Dataset records:
-----

lemma adjoint_ofD:
  assumes model: "dominated_model lam Ps" and P: "P \<in> Ps" and adj: "adjoint_of lam Ps P D A"
    and f: "f \<in> tangent_space lam Ps P"
  shows "L2 P (A x)" and "integral\<^sup>L P (A x) = 0" and "(\<integral>z. f z * A x z \<partial>P) = inner (D f) x"
  using adj f tangent_space_mean_zero[OF model P] by (auto simp: adjoint_of_def tangent_space_def)

lemma adjoint_bounded:
  assumes deriv: "pathwise_deriv lam Ps \<nu> P D" and adj: "adjoint_of lam Ps P D A"
  obtains C where "0 \<le> C" and "\<And>x. L2norm P (A x) \<le> C * norm x"
proof -
  obtain C where C: "\<And>f. f \<in> tangent_space lam Ps P \<Longrightarrow> norm (D f) \<le> C * L2norm P f"
    using deriv unfolding pathwise_deriv_def by blast
  have "L2norm P (A x) \<le> max C 0 * norm x" for x
  proof -
    define L where "L = L2norm P (A x)"
    have L: "0 \<le> L" by (simp add: L_def L2norm_nonneg)
    have tangent: "A x \<in> tangent_space lam Ps P" using adj by (simp add: adjoint_of_def)
    have "L * L = inner (D (A x)) x"
      using adj tangent by (simp add: adjoint_of_def L_def L2norm_def power2_eq_square)
    also have "\<dots> \<le> norm (D (A x)) * norm x" by (rule norm_cauchy_schwarz)
    also have "\<dots> \<le> (max C 0 * L) * norm x"
    proof (rule mult_right_mono)
      have "C * L \<le> max C 0 * L" using L by (intro mult_right_mono) auto
      then show "norm (D (A x)) \<le> max C 0 * L" using C[OF tangent] by (simp add: L_def)
    qed simp
    finally have "L * L \<le> (max C 0 * norm x) * L" by (simp add: mult_ac)
    then show ?thesis
      using L by (cases "L = 0") (auto simp: L_def dest: mult_right_le_imp_le)
  qed
  then show ?thesis by (intro that[of "max C 0"]) auto
qed

lemma adjoint_bounded_on_padded_onb:
  assumes deriv: "pathwise_deriv lam Ps \<nu> P D" and adj: "adjoint_of lam Ps P D A"
    and basis: "padded_onb h"
  obtains K where "\<And>k. (\<integral>z. (A (h k) z)\<^sup>2 \<partial>P) \<le> K"
proof -
  obtain C where "0 \<le> C" and C: "\<And>x. L2norm P (A x) \<le> C * norm x"
    using adjoint_bounded[OF deriv adj] by blast
  have "(\<integral>z. (A (h k) z)\<^sup>2 \<partial>P) \<le> C\<^sup>2" for k
  proof -
    have "(\<integral>z. (A (h k) z)\<^sup>2 \<partial>P) = (L2norm P (A (h k)))\<^sup>2" by (simp add: L2norm_def)
    also have "\<dots> \<le> (C * norm (h k))\<^sup>2" using C[of "h k"] by (simp add: L2norm_nonneg power_mono)
    also have "\<dots> \<le> C\<^sup>2"
      using padded_onb_norm_le_1[OF basis, of k] \<open>0 \<le> C\<close>
      by (simp add: power_mult_distrib mult_left_le power_le_one)
    finally show ?thesis .
  qed
  then show ?thesis by (rule that)
qed

lemma pathwise_deriv_along_submodel:
  assumes "pathwise_deriv lam Ps \<nu> P D" and "s \<in> tangent_set lam Ps P" and "submodel lam Ps P s \<delta> Pe"
  shows "((\<lambda>\<epsilon>. norm (\<nu> P - \<nu> (Pe \<epsilon>) + \<epsilon> *\<^sub>R D s) / \<epsilon>) \<longlongrightarrow> 0) (at_right 0)"
proof -
  have "norm (\<nu> P - \<nu> (Pe \<epsilon>) + \<epsilon> *\<^sub>R D s) = norm (\<nu> (Pe \<epsilon>) - \<nu> P - \<epsilon> *\<^sub>R D s)" for \<epsilon>
  proof -
    have "\<nu> P - \<nu> (Pe \<epsilon>) + \<epsilon> *\<^sub>R D s = - (\<nu> (Pe \<epsilon>) - \<nu> P - \<epsilon> *\<^sub>R D s)" by simp
    then show ?thesis by (simp only: norm_minus_cancel)
  qed
  moreover have "((\<lambda>\<epsilon>. norm (\<nu> (Pe \<epsilon>) - \<nu> P - \<epsilon> *\<^sub>R D s) / \<epsilon>) \<longlongrightarrow> 0) (at_right 0)"
    using assms unfolding pathwise_deriv_def by blast
  ultimately show ?thesis by simp
qed

section \<open>The series \<open>phi\<close>\<close>

lemma inner_phi:
  assumes basis: "padded_onb h" and summable: "summable (\<lambda>k. (\<beta> k * A (h k) z)\<^sup>2)"
  shows "inner (phi A h \<beta> z) (h j) = \<beta> j * A (h j) z * inner (h j) (h j)"
proof -
  note orth = padded_onb_orthogonal[OF basis]
  have "summable (\<lambda>k. (\<beta> k * A (h k) z) *\<^sub>R h k)" by (rule summable_padded_onb_series[OF basis summable])
  then show ?thesis using inner_suminf_orthogonal[where h=h, OF orth] by (simp add: phi_def)
qed

lemma norm_phi_sq_le:
  assumes basis: "padded_onb h"
  shows "ennreal ((norm (phi A h \<beta> z))\<^sup>2) \<le> (\<Sum>k. ennreal ((\<beta> k * A (h k) z)\<^sup>2))"
proof (cases "summable (\<lambda>k. (\<beta> k * A (h k) z) *\<^sub>R h k)")
  case True
  note orth = padded_onb_orthogonal[OF basis]
  have sums: "(\<lambda>k. (\<beta> k * A (h k) z)\<^sup>2 * (norm (h k))\<^sup>2) sums (norm (phi A h \<beta> z))\<^sup>2"
    using sums_norm_sq_orthogonal_series[OF orth True] True by (simp add: phi_def)
  have "ennreal ((norm (phi A h \<beta> z))\<^sup>2) = (\<Sum>k. ennreal ((\<beta> k * A (h k) z)\<^sup>2 * (norm (h k))\<^sup>2))"
    by (rule suminf_ennreal_eq[OF _ sums, symmetric]) simp
  also have "\<dots> \<le> (\<Sum>k. ennreal ((\<beta> k * A (h k) z)\<^sup>2))"
  proof (rule suminf_le[OF ennreal_leI summableI summableI])
    fix k
    have "(norm (h k))\<^sup>2 \<le> 1" using padded_onb_norm_le_1[OF basis, of k] by (simp add: power_le_one)
    then show "(\<beta> k * A (h k) z)\<^sup>2 * (norm (h k))\<^sup>2 \<le> (\<beta> k * A (h k) z)\<^sup>2"
      by (simp add: mult_left_le)
  qed
  finally show ?thesis .
qed (simp add: phi_def)

lemma inner_integral_scaleR_phi:
  fixes A :: "'h::{real_inner,complete_space,second_countable_topology} \<Rightarrow> 'z \<Rightarrow> real"
  assumes coefficient: "AE z in M. inner (phi A h \<beta> z) (h j) = \<beta> j * A (h j) z * inner (h j) (h j)"
    and integrable: "integrable M (\<lambda>z. g z *\<^sub>R phi A h \<beta> z)"
    and [measurable]: "g \<in> borel_measurable M" "A (h j) \<in> borel_measurable M"
  shows "inner (\<integral>z. g z *\<^sub>R phi A h \<beta> z \<partial>M) (h j) = \<beta> j * inner (h j) (h j) * (\<integral>z. g z * A (h j) z \<partial>M)"
proof -
  have "inner (\<integral>z. g z *\<^sub>R phi A h \<beta> z \<partial>M) (h j) = (\<integral>z. g z * inner (phi A h \<beta> z) (h j) \<partial>M)"
    using integral_bounded_linear[OF bounded_linear_inner_left integrable, of "h j"] by simp
  also have "\<dots> = (\<integral>z. \<beta> j * inner (h j) (h j) * (g z * A (h j) z) \<partial>M)"
  proof (rule integral_cong_AE)
    have [measurable]: "(\<lambda>z. g z *\<^sub>R phi A h \<beta> z) \<in> borel_measurable M"
      using integrable by (rule borel_measurable_integrable)
    have "(\<lambda>z. inner (g z *\<^sub>R phi A h \<beta> z) (h j)) \<in> borel_measurable M" by measurable
    then show "(\<lambda>z. g z * inner (phi A h \<beta> z) (h j)) \<in> borel_measurable M" by simp
    show "AE z in M. g z * inner (phi A h \<beta> z) (h j) = \<beta> j * inner (h j) (h j) * (g z * A (h j) z)"
      using coefficient by eventually_elim (simp add: mult_ac)
  qed measurable
  finally show ?thesis by simp
qed

context
  fixes P :: "'z measure" and A :: "'h::{real_inner,complete_space,second_countable_topology} \<Rightarrow> 'z \<Rightarrow> real"
    and h :: "nat \<Rightarrow> 'h" and \<beta> :: "nat \<Rightarrow> real" and K :: real
  assumes basis: "padded_onb h"
    and A_L2: "\<And>k. L2 P (A (h k))"
    and A_bound: "\<And>k. (\<integral>z. (A (h k) z)\<^sup>2 \<partial>P) \<le> K"
    and \<beta>: "summable (\<lambda>k. (\<beta> k)\<^sup>2)"
begin

lemma A_basis_measurable[measurable]: "A (h k) \<in> borel_measurable P"
  using A_L2 by (simp add: L2_def)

-----

Aim of the task:
Filter the lines above so that only those with the string "obtains" remain, then copy them.

Reply to the exercise:
  obtains C where "0 \<le> C" and "\<And>x. L2norm P (A x) \<le> C * norm x"
  obtains K where "\<And>k. (\<integral>z. (A (h k) z)\<^sup>2 \<partial>P) \<le> K"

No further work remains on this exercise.